问题
I want to convert a character array to a string object using the toString() method in java. Here is a snippet of the test code I used:
import java.util.Arrays;
class toString{
public static void main(String[] args){
char[] Array = {\'a\', \'b\', \'c\', \'d\', \'e\', \'f\'};
System.out.println(Array.toString());
}
}
In principle, it should print abcdef, but it is printing random gibberish of the likes of [C@6e1408 or [C@e53108 each time the program executes. I don\'t need an alternative out of this but want to know why this is happening.
回答1:
To get a human-readable toString(), you must use Arrays.toString(), like this:
System.out.println(Arrays.toString(Array));
Java's toString() for an array is to print [, followed by a character representing the type of the array's elements (in your case C for char), followed by @ then the "identity hash code" of the array (think of it like you would a "memory address").
This sad state of affairs is generally considered as a "mistake" with java.

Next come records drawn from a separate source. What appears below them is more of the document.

(* Let $k,n\in\mathbb N$ with $k\le n$, let $\lambda\vdash n$ be a partition, let $\pi\in\mathfrak S_n$ be a permutation with $\pi(l)=l$ for all $1\le l<k$, and let $T\in\operatorname{T}(\lambda)$ be a tabloid. Set $\tilde T:=\pi\circ T$, and for each cell $x\in\lambda$ let $T_x$ and $\tilde T_x$ be the intermediate tabloids arising in the Novelli--Pak--Stoyanovskii sorting of $T$ and of $\tilde T$, respectively. Then for every $x\in\lambda$ the permutation $\pi_x\in\mathfrak S_n$ defined by $\tilde T_x=\pi_x\circ T_x$ satisfies $\pi_x(l)=l$ for all $1\le l<k$.
   Context: A partition $\lambda\vdash n$ is identified with its Young diagram $\{(i,j)\in\mathbb Z^2: i\ge1,\ 1\le j\le\lambda_i\}$ (cells in matrix coordinates, row $i$, column $j$). A tabloid of shape $\lambda$ is a bijection $T:\lambda\to\{1,\dots,n\}$; $\operatorname{T}(\lambda)$ is the set of tabloids. $\mathfrak S_n$ acts by $\sigma(T):=\sigma\circ T$. The right and bottom neighbours of $(i,j)$ are the cells $(i,j+1),(i+1,j)$ lying in $\lambda$. Order the cells by $(i,j)\prec(k,l)$ iff $j<l$, or $j=l$ and $i<k$; list them as $z_1\prec\dots\prec z_n$. Novelli--Pak--Stoyanovskii sorting of $T$: set $T_{z_n}:=T$; for $m=n-1,n-2,\dots,1$, obtain $T_{z_m}$ from $T_{z_{m+1}}$ by the following slide $\sigma_{z_m}$ at $z_m$: the entry $a$ sitting in $z_m$ is repeatedly exchanged with the smaller of the entries in its current right and bottom neighbours, as long as that smaller entry is less than $a$ (if $a$ is smaller than all of them, or there are none, it stops). Thus $T_{z_m}=\sigma_{z_m}\circ T_{z_{m+1}}$ where $\sigma_{z_m}$ is a cyclic permutation of entries. The output $T_{z_1}$ is a standard Young tableau. *)

theory Defs
  imports "HOL-Combinatorics.Permutations"
begin
(* Let $\beta>0$, $K\ge1$, users $\mathcal X=\{x_1,\dots,x_m\}\subset\mathbb R^d$ and $\sigma:\mathbb R^d\times\mathbb R^d\to[0,1]$ be fixed. Then the welfare $W$, viewed as a function of a finite multiset of strategies, is submodular: for every finite multiset $S$ of strategies with $|S|\ge K-1$ and any strategies $s_x,s_y\in\mathbb R^d$, $$W(S\cup\{s_x\})-W(S)\ge W(S\cup\{s_x,s_y\})-W(S\cup\{s_y\}).$$
   Context: For a finite multiset $S$ of strategies (points of $\mathbb R^d$) with $|S|\ge K$ and a user $x_j$, $\mathcal T_j(S;K)$ is a sub-multiset of $K$ elements of $S$ with the largest values of $\sigma(\cdot,x_j)$; if $|S|=K-1$, $\mathcal T_j(S;K)=S\cup\{\bar s\}$ where $\bar s$ is a default item with $\sigma(\bar s,x)=0$ for all $x$. With $\varepsilon_s$ ($s\in\mathcal T_j(S;K)$) i.i.d. Gumbel of location $-\beta\gamma$ and scale $\beta$ (CDF $t\mapsto\exp(-e^{-(t+\beta\gamma)/\beta})$, $\gamma$ the Euler–Mascheroni constant), the welfare is $W(S)=\sum_{j=1}^m\mathbb E\big[\max_{s\in\mathcal T_j(S;K)}\{\sigma(s,x_j)+\varepsilon_s\}\big]$, which equals $\beta\sum_{j=1}^m\log\sum_{s\in\mathcal T_j(S;K)}\exp(\sigma(s,x_j)/\beta)$. When $S=\{s_1,\dots,s_n\}$ comes from a joint strategy of a competing content creation game, this is the social welfare of that game under top-$K$ recommendation and the Gumbel random-utility choice model. *)

theory Defs
  imports "HOL-Analysis.Analysis" "HOL-Library.Multiset"
begin

text \<open>Top-K sub-multiset for user x: a sub-multiset of K elements of S whose
  sigma-values are at least those of all remaining elements of S.
  (Chosen by Hilbert choice; the welfare does not depend on the choice.)\<close>
definition topK :: "('a \<Rightarrow> 'a \<Rightarrow> real) \<Rightarrow> nat \<Rightarrow> 'a multiset \<Rightarrow> 'a \<Rightarrow> 'a multiset" where
  "topK \<sigma> K S x = (SOME T. T \<subseteq># S \<and> size T = K \<and>
        (\<forall>a\<in>#T. \<forall>b\<in>#(S - T). \<sigma> b x \<le> \<sigma> a x))"

text \<open>Welfare of user x: beta * log sum exp over the recommended set. If |S| = K-1
  the recommended set is S plus a default item with sigma = 0.\<close>
definition user_welfare ::
  "('a \<Rightarrow> 'a \<Rightarrow> real) \<Rightarrow> real \<Rightarrow> nat \<Rightarrow> 'a multiset \<Rightarrow> 'a \<Rightarrow> real" where
  "user_welfare \<sigma> \<beta> K S x =
     (if K \<le> size S then \<beta> * ln (\<Sum>s\<in>#topK \<sigma> K S x. exp (\<sigma> s x / \<beta>))
      else \<beta> * ln ((\<Sum>s\<in>#S. exp (\<sigma> s x / \<beta>)) + exp (0 / \<beta>)))"

definition welfare ::
  "('a \<Rightarrow> 'a \<Rightarrow> real) \<Rightarrow> real \<Rightarrow> nat \<Rightarrow> nat \<Rightarrow> (nat \<Rightarrow> 'a) \<Rightarrow> 'a multiset \<Rightarrow> real" where
  "welfare \<sigma> \<beta> K m x S = (\<Sum>j=1..m. user_welfare \<sigma> \<beta> K S (x j))"

end

theory Submission
  imports Defs
begin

See this answer for a list of other "mistakes".
回答2:
I don't know where you get the idea that "in principle" it should print "abcdef". Where is that documented?
Something like [C@6e1408 is certainly not random gibberish - it's the same way of constructing a string from an object as any other type that doesn't override toString() inherits - it's a representation of the type ([ indicating an array; C indicating the char primitive type) followed by the identity hash code in hex. See the documentation for Object.toString() for details. As it happens, arrays don't override toString.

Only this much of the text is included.